INSTRUCTIONS TO FOLLOW -
The line that contains "S\<close> by blast" and all lines following it to the end of the data below: set these down exactly, and nothing besides.
*** PROVIDED DATA ***
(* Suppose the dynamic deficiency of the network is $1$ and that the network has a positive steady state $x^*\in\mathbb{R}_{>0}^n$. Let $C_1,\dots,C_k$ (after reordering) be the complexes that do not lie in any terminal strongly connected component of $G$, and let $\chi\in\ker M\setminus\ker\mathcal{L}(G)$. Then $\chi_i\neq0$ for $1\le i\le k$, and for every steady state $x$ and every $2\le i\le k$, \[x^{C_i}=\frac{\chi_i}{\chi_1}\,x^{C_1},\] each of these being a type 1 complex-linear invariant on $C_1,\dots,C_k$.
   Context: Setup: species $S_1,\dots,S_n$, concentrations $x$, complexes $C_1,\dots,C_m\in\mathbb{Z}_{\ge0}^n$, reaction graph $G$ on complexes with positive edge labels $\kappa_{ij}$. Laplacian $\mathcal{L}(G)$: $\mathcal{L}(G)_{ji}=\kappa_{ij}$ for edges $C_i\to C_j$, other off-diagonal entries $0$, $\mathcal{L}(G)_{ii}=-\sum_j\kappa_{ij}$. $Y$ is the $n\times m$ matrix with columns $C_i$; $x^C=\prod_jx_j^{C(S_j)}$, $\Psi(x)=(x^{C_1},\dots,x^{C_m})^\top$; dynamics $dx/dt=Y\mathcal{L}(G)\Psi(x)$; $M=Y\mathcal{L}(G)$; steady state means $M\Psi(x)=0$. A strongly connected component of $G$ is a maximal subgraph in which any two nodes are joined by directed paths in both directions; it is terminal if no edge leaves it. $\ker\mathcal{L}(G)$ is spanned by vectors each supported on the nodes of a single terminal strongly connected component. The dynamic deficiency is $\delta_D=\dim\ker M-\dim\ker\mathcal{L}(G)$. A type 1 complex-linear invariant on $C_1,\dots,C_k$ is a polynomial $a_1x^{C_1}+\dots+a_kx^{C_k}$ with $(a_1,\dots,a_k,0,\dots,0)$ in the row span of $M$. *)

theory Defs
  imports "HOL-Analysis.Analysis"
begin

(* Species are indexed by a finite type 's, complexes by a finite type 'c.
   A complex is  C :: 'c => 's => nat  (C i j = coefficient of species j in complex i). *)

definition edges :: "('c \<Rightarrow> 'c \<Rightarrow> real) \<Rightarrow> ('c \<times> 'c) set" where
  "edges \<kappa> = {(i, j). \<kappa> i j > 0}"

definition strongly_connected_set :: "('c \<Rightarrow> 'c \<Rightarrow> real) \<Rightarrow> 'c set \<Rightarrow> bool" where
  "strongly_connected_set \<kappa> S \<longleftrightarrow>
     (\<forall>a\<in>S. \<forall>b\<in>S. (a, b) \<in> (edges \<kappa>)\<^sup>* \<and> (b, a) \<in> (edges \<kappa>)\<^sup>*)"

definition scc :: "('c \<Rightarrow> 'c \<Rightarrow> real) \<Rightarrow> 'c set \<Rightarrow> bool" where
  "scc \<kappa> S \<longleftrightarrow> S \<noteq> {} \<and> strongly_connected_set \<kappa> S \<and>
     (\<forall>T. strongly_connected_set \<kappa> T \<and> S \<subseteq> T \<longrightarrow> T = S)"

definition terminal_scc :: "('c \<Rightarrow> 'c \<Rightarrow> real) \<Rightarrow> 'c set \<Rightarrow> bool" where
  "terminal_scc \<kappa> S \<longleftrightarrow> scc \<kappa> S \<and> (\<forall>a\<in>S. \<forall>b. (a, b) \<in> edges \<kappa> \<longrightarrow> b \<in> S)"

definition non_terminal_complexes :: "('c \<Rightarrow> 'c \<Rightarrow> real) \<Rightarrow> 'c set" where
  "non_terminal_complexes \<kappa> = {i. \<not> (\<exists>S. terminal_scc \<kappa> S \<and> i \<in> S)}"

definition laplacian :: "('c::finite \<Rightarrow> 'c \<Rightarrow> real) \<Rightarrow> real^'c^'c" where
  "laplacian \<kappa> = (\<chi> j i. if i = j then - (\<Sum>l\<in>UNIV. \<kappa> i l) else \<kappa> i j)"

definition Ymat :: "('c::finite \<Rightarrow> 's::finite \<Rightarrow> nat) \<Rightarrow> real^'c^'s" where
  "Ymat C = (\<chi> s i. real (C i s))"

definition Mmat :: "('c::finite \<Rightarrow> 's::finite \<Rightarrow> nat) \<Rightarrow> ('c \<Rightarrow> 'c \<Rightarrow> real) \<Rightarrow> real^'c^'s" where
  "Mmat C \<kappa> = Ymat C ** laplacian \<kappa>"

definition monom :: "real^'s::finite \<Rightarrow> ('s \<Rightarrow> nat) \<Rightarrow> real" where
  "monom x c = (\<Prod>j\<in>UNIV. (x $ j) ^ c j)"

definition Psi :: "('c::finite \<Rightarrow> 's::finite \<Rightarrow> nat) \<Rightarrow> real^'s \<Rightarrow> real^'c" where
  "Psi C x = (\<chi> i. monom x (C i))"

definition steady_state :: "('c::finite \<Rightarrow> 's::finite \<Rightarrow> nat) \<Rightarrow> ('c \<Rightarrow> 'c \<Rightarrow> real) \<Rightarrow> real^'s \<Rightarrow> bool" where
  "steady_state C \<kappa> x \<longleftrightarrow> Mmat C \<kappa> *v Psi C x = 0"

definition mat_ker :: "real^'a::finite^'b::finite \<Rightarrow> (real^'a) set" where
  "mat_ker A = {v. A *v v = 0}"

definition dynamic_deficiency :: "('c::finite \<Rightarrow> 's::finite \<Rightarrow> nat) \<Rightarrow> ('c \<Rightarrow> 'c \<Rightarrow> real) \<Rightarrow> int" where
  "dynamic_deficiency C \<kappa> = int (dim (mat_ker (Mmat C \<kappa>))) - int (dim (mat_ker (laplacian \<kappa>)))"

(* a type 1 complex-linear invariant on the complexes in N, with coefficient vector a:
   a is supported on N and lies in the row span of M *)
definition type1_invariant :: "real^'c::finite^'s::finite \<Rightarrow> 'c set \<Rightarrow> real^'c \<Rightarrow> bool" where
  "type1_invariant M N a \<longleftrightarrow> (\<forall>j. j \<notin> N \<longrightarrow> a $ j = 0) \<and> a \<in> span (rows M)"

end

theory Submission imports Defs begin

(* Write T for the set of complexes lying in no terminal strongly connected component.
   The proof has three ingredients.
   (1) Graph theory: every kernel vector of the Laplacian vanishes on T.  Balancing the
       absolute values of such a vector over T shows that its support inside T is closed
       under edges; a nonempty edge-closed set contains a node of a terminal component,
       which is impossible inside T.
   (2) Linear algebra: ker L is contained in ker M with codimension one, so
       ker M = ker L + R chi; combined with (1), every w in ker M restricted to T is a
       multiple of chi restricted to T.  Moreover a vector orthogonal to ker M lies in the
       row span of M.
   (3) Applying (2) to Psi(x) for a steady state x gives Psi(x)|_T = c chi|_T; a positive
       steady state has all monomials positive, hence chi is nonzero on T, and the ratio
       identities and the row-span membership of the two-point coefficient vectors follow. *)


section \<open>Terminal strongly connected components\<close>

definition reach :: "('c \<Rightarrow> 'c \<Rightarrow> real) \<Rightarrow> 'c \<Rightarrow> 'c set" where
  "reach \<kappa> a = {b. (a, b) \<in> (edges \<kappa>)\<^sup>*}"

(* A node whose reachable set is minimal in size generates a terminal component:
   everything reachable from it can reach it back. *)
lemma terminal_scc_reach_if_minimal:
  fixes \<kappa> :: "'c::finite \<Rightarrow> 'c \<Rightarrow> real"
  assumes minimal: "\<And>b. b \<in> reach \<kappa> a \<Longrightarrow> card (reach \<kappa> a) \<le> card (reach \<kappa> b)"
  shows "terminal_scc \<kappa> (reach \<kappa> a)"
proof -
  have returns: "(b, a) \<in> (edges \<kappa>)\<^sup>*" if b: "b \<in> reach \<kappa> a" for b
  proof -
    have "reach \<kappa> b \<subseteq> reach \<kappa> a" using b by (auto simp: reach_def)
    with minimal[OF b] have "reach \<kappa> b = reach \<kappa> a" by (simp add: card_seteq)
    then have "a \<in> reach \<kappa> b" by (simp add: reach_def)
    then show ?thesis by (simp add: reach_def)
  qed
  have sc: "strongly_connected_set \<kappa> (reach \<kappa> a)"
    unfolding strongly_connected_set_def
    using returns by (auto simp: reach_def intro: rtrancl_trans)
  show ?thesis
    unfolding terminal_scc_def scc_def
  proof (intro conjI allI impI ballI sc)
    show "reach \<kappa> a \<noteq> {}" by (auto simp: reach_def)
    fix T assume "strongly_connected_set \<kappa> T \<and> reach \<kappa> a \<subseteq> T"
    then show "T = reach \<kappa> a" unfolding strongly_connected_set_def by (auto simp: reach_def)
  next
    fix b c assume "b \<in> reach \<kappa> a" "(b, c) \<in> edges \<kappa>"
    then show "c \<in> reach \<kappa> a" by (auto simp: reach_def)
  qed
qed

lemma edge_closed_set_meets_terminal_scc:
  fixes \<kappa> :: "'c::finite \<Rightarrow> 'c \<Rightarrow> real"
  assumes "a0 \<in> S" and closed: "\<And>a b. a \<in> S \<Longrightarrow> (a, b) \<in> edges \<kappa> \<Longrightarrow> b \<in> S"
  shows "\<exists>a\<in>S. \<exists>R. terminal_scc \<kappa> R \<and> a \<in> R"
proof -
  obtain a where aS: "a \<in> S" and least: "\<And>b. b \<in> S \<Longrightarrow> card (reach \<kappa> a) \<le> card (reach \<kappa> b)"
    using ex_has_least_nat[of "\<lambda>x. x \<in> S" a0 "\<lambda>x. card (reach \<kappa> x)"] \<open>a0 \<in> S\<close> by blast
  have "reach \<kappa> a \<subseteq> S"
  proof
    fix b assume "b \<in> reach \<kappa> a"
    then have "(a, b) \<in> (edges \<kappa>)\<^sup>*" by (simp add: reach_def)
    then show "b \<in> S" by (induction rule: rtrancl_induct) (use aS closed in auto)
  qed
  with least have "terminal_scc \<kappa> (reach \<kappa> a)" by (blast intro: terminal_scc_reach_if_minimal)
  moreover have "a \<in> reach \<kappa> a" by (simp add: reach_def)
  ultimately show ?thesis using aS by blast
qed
*** End of PROVIDED DATA ***
RESULT OF THIS TASK -
    using ex_has_least_nat[of "\<lambda>x. x \<in> S" a0 "\<lambda>x. card (reach \<kappa> x)"] \<open>a0 \<in> S\<close> by blast
  have "reach \<kappa> a \<subseteq> S"
  proof
    fix b assume "b \<in> reach \<kappa> a"
    then have "(a, b) \<in> (edges \<kappa>)\<^sup>*" by (simp add: reach_def)
    then show "b \<in> S" by (induction rule: rtrancl_induct) (use aS closed in auto)
  qed
  with least have "terminal_scc \<kappa> (reach \<kappa> a)" by (blast intro: terminal_scc_reach_if_minimal)
  moreover have "a \<in> reach \<kappa> a" by (simp add: reach_def)
  ultimately show ?thesis using aS by blast
qed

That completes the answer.